▶ What the exercise asks
Within these records, how many lines hold "lambda"? Give the number alone.

START Information given

lemma partial_partial_h4:
  "partial i (partial p (h4 eta a)) u
     = 2 * \<langle>unit_vec i \<star> unit_vec p, u \<star> u\<rangle> + 4 * \<langle>u \<star> unit_vec i, u \<star> unit_vec p\<rangle>"
proof (rule partial_eqI)
  let ?e = "unit_vec i" and ?f = "unit_vec p"
  note line = has_vderiv_coordinate_line[of u i "u i"]
  have "((\<lambda>t. \<langle>?f, u(i := t) \<star> (u(i := t) \<star> u(i := t))\<rangle>) has_real_derivative
          \<langle>?f, ?e \<star> (u \<star> u)\<rangle> + 2 * \<langle>?f, u \<star> (u \<star> ?e)\<rangle>) (at (u i))"
    using has_real_derivative_pairing[OF has_vderiv_const[of ?f]
            has_vderiv_alg_mult[OF line has_vderiv_alg_mult[OF line line, where a = a], where a = a],
            where eta = eta]
    by (simp add: mult_commute[of ?e u] alg_mult_scale_right pairing_add_right pairing_scale_right
        pairing_zero_left)
  moreover have "\<langle>?f, ?e \<star> (u \<star> u)\<rangle> = \<langle>?e \<star> ?f, u \<star> u\<rangle>"
    using form_mult_assoc[of ?f ?e "u \<star> u"] mult_commute[of ?f ?e] by simp
  moreover have "\<langle>?f, u \<star> (u \<star> ?e)\<rangle> = \<langle>u \<star> ?e, u \<star> ?f\<rangle>"
    using form_mult_assoc[of ?f u "u \<star> ?e"] mult_commute[of ?f u] form_commute[of "u \<star> ?e"] by simp
  ultimately have "((\<lambda>t. \<langle>?f, u(i := t) \<star> (u(i := t) \<star> u(i := t))\<rangle>) has_real_derivative
      \<langle>?e \<star> ?f, u \<star> u\<rangle> + 2 * \<langle>u \<star> ?e, u \<star> ?f\<rangle>) (at (u i))"
    by simp
  from DERIV_cmult[OF this, of 2] show "((\<lambda>t. partial p (h4 eta a) (u(i := t))) has_real_derivative
      2 * \<langle>?e \<star> ?f, u \<star> u\<rangle> + 4 * \<langle>u \<star> ?e, u \<star> ?f\<rangle>) (at (u i))"
    by (simp add: partial_h4 algebra_simps)
qed

lemma conservation_sum_h4:
  "(\<Sum>i\<in>UNIV. \<Sum>j\<in>UNIV. a i j k * u j * partial i (partial p (h4 eta a)) u)
     = 2 * \<langle>(u \<star> unit_vec k) \<star> unit_vec p, u \<star> u\<rangle>
       + 4 * \<langle>u \<star> (u \<star> unit_vec k), u \<star> unit_vec p\<rangle>"
proof -
  let ?c = "u \<star> unit_vec k" and ?f = "unit_vec p"
  have "(\<Sum>i\<in>UNIV. \<Sum>j\<in>UNIV. a i j k * u j * partial i (partial p (h4 eta a)) u)
      = (\<Sum>i\<in>UNIV. ?c i * (2 * \<langle>unit_vec i \<star> ?f, u \<star> u\<rangle> + 4 * \<langle>u \<star> unit_vec i, u \<star> ?f\<rangle>))"
    by (simp add: partial_partial_h4 alg_mult_unit_vec_right sum_distrib_right)
  also have "\<dots> = 2 * (\<Sum>i\<in>UNIV. ?c i * \<langle>unit_vec i \<star> ?f, u \<star> u\<rangle>)
                  + 4 * (\<Sum>i\<in>UNIV. ?c i * \<langle>u \<star> unit_vec i, u \<star> ?f\<rangle>)"
    by (simp add: algebra_simps sum.distrib sum_distrib_left)
  also have "(\<Sum>i\<in>UNIV. ?c i * \<langle>unit_vec i \<star> ?f, u \<star> u\<rangle>) = \<langle>?c \<star> ?f, u \<star> u\<rangle>"
    by (simp add: alg_mult_expand_left[of _ ?c] pairing_sum_left)
  also have "(\<Sum>i\<in>UNIV. ?c i * \<langle>u \<star> unit_vec i, u \<star> ?f\<rangle>) = \<langle>u \<star> ?c, u \<star> ?f\<rangle>"
    by (simp add: alg_mult_expand_right[of _ u ?c] pairing_sum_left)
  finally show ?thesis .
qed

lemma conservation_sum_h4_antisym:
  "(\<Sum>i\<in>UNIV. \<Sum>j\<in>UNIV. a i j k * u j * partial i (partial p (h4 eta a)) u)
     - (\<Sum>i\<in>UNIV. \<Sum>j\<in>UNIV. a i j p * u j * partial i (partial k (h4 eta a)) u)
   = 2 * \<langle>jordan_associator a u (unit_vec k), unit_vec p\<rangle>"
proof -
  let ?e = "unit_vec k" and ?f = "unit_vec p"
  have symmetric_part: "\<langle>u \<star> (u \<star> ?e), u \<star> ?f\<rangle> = \<langle>u \<star> (u \<star> ?f), u \<star> ?e\<rangle>"
    using form_mult_assoc[of "u \<star> ?e" u "u \<star> ?f"] mult_commute[of "u \<star> ?e" u]
      form_commute[of "u \<star> ?e"]
    by simp
  have "\<langle>(u \<star> ?e) \<star> ?f, u \<star> u\<rangle> = \<langle>(u \<star> ?e) \<star> (u \<star> u), ?f\<rangle>"
    using form_mult_assoc[of "u \<star> ?e" ?f "u \<star> u"] form_mult_assoc[of "u \<star> ?e" "u \<star> u" ?f]
      mult_commute[of ?f "u \<star> u"]
    by simp
  moreover have "\<langle>(u \<star> ?f) \<star> ?e, u \<star> u\<rangle> = \<langle>u \<star> (?e \<star> (u \<star> u)), ?f\<rangle>"
    using form_mult_assoc[of "u \<star> ?f" ?e "u \<star> u"] form_mult_assoc[of ?f u "?e \<star> (u \<star> u)"]
      mult_commute[of ?f u] form_commute[of ?f]
    by simp
  ultimately show ?thesis
    by (simp add: conservation_sum_h4 symmetric_part jordan_associator_def pairing_diff_left)
qed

END Information given

▶ Final answer
3